• _WORK INSTRUCTIONS_
Lines holding the string "subsets" are the ones to copy; find them all in the data.

• _EXERCISE MATERIAL_
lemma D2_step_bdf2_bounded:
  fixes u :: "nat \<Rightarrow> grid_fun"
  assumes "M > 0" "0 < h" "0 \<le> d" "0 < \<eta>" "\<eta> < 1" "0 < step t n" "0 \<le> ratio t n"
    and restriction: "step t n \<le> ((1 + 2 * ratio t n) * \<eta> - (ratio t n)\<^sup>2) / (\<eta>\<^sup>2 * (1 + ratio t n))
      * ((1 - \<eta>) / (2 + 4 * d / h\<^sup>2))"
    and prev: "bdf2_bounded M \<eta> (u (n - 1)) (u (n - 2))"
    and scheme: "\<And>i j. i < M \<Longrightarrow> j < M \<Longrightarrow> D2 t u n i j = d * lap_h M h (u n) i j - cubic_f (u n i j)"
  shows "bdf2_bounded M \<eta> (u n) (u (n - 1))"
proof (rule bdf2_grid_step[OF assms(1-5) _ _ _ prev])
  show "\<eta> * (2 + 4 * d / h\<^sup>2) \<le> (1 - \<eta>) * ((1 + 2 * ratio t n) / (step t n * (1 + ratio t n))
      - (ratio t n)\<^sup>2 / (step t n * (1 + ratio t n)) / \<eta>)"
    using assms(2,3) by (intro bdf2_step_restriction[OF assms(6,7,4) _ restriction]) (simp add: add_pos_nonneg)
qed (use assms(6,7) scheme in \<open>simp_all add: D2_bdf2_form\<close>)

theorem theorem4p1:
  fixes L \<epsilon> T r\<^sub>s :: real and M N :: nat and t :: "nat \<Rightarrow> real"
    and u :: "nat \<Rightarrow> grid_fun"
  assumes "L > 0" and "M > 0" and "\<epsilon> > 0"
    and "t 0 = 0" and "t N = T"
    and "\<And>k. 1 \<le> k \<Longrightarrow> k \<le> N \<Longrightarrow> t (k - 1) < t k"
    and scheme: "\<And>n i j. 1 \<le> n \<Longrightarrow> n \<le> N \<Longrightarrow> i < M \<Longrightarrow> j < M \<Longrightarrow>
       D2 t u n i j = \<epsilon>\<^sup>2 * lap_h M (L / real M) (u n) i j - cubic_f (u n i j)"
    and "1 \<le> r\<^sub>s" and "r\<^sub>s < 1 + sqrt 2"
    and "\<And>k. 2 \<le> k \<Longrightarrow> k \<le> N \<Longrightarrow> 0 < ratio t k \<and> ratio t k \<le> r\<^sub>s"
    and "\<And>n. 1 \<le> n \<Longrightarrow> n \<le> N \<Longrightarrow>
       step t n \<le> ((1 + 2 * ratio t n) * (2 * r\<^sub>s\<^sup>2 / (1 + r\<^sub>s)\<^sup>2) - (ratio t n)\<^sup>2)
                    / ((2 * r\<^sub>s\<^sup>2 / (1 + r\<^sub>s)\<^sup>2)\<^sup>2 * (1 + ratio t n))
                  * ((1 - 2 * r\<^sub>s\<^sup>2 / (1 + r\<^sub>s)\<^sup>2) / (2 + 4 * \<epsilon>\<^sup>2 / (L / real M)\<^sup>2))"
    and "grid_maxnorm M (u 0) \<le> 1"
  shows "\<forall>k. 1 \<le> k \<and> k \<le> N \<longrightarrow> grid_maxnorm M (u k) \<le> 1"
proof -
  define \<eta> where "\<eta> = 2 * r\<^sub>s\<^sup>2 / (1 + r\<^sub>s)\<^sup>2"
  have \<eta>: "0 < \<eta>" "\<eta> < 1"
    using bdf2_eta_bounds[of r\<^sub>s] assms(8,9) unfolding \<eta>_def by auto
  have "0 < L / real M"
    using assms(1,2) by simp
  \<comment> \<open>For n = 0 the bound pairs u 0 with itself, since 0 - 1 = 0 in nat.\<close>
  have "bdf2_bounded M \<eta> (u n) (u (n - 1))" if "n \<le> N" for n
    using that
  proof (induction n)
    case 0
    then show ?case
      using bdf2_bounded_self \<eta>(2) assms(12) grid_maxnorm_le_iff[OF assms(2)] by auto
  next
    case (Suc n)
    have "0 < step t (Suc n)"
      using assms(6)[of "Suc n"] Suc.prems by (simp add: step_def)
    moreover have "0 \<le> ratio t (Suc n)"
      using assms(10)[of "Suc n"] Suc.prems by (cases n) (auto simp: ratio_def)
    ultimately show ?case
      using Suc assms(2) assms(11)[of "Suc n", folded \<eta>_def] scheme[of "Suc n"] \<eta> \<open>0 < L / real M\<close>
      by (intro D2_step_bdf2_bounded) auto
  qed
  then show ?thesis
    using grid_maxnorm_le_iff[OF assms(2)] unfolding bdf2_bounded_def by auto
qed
...
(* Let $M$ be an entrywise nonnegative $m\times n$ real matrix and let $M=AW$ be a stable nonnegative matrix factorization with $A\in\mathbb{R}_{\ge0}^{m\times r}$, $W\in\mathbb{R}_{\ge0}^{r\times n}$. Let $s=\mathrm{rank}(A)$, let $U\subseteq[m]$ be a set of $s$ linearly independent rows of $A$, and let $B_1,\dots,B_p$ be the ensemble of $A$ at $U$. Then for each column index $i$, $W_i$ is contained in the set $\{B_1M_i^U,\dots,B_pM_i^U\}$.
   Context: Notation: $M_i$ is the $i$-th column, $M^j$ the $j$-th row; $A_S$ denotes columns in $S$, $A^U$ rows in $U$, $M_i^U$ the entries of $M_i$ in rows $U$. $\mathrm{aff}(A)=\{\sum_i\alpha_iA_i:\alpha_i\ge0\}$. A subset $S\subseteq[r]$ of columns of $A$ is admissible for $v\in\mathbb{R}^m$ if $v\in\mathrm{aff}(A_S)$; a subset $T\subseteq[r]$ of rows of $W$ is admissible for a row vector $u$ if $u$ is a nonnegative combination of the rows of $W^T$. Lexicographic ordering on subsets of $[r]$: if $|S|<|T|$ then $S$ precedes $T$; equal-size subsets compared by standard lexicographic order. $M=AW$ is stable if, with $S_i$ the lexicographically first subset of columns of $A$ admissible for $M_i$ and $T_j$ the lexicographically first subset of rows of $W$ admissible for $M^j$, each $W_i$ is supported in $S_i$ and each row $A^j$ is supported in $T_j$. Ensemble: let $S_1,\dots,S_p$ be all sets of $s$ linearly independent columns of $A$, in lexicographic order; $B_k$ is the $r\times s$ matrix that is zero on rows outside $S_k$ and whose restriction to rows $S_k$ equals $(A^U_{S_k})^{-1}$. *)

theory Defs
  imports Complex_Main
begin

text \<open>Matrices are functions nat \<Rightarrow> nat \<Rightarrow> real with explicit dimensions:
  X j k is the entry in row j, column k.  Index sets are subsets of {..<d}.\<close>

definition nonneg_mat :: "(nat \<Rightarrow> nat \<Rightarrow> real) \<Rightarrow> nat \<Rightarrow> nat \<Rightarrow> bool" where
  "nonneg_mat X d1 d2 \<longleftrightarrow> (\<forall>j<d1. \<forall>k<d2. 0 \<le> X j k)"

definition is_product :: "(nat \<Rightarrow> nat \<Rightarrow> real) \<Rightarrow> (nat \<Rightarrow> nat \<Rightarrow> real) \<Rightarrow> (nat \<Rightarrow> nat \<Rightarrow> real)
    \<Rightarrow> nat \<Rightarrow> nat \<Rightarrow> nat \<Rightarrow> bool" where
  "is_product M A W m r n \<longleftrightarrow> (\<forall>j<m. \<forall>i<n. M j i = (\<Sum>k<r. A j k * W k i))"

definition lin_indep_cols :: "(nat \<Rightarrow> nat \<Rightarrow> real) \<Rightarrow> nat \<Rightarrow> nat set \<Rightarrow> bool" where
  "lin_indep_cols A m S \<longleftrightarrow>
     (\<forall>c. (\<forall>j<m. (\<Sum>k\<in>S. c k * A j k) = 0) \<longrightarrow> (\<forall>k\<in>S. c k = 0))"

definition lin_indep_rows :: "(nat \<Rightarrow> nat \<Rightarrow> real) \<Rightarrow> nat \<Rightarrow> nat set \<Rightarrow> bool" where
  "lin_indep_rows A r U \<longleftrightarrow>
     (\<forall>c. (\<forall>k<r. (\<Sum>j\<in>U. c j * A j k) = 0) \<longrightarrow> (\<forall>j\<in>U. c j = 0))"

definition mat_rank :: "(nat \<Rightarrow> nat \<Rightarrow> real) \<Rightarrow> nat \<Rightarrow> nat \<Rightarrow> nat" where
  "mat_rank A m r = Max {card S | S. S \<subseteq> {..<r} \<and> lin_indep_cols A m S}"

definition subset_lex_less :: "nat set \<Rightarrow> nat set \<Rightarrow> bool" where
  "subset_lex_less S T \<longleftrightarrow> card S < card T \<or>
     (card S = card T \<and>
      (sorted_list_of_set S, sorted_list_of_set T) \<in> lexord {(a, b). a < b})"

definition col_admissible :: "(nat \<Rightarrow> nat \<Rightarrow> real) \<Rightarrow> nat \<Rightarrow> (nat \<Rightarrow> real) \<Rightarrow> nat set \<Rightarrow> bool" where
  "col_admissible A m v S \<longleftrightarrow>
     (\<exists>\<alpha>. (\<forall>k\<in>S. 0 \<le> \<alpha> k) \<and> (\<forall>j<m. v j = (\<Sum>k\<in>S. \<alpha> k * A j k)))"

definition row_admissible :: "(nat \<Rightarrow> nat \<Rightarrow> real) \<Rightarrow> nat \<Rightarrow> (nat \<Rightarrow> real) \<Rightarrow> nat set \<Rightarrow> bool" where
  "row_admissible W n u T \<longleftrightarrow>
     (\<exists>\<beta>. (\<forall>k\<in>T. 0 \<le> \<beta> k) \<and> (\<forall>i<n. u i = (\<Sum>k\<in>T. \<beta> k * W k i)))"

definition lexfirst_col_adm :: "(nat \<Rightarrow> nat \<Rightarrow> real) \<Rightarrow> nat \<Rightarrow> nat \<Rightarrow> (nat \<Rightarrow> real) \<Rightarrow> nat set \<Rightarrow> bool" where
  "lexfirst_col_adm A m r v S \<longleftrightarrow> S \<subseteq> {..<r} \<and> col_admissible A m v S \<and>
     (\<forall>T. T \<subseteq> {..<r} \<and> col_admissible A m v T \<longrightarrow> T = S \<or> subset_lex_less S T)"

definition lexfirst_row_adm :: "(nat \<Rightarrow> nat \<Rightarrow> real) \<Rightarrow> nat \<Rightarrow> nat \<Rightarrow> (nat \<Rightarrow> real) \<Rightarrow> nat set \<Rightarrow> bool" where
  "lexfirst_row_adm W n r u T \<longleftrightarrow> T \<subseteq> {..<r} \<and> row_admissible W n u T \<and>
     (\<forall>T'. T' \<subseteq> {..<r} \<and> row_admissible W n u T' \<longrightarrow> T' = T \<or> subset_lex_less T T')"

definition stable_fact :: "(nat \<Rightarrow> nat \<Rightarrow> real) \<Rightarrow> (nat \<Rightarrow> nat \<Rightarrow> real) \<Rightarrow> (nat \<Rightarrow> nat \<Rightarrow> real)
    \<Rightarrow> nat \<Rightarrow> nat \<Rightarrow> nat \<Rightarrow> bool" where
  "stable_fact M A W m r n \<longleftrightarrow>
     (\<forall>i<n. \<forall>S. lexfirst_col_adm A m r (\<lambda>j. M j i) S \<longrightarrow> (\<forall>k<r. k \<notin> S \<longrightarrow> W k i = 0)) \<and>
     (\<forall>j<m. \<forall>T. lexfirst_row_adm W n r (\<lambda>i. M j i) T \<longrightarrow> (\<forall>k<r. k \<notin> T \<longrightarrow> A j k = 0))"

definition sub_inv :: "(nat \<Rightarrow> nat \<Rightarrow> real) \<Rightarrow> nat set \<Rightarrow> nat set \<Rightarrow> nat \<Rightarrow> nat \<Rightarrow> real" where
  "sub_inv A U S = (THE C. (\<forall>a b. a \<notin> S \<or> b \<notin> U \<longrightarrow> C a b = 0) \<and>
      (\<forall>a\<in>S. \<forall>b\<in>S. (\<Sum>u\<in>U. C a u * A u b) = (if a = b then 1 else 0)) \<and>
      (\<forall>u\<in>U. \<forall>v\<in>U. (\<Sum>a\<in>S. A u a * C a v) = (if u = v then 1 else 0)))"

• _TASK OUTPUT_
   Context: Notation: $M_i$ is the $i$-th column, $M^j$ the $j$-th row; $A_S$ denotes columns in $S$, $A^U$ rows in $U$, $M_i^U$ the entries of $M_i$ in rows $U$. $\mathrm{aff}(A)=\{\sum_i\alpha_iA_i:\alpha_i\ge0\}$. A subset $S\subseteq[r]$ of columns of $A$ is admissible for $v\in\mathbb{R}^m$ if $v\in\mathrm{aff}(A_S)$; a subset $T\subseteq[r]$ of rows of $W$ is admissible for a row vector $u$ if $u$ is a nonnegative combination of the rows of $W^T$. Lexicographic ordering on subsets of $[r]$: if $|S|<|T|$ then $S$ precedes $T$; equal-size subsets compared by standard lexicographic order. $M=AW$ is stable if, with $S_i$ the lexicographically first subset of columns of $A$ admissible for $M_i$ and $T_j$ the lexicographically first subset of rows of $W$ admissible for $M^j$, each $W_i$ is supported in $S_i$ and each row $A^j$ is supported in $T_j$. Ensemble: let $S_1,\dots,S_p$ be all sets of $s$ linearly independent columns of $A$, in lexicographic order; $B_k$ is the $r\times s$ matrix that is zero on rows outside $S_k$ and whose restriction to rows $S_k$ equals $(A^U_{S_k})^{-1}$. *)
  X j k is the entry in row j, column k.  Index sets are subsets of {..<d}.\<close>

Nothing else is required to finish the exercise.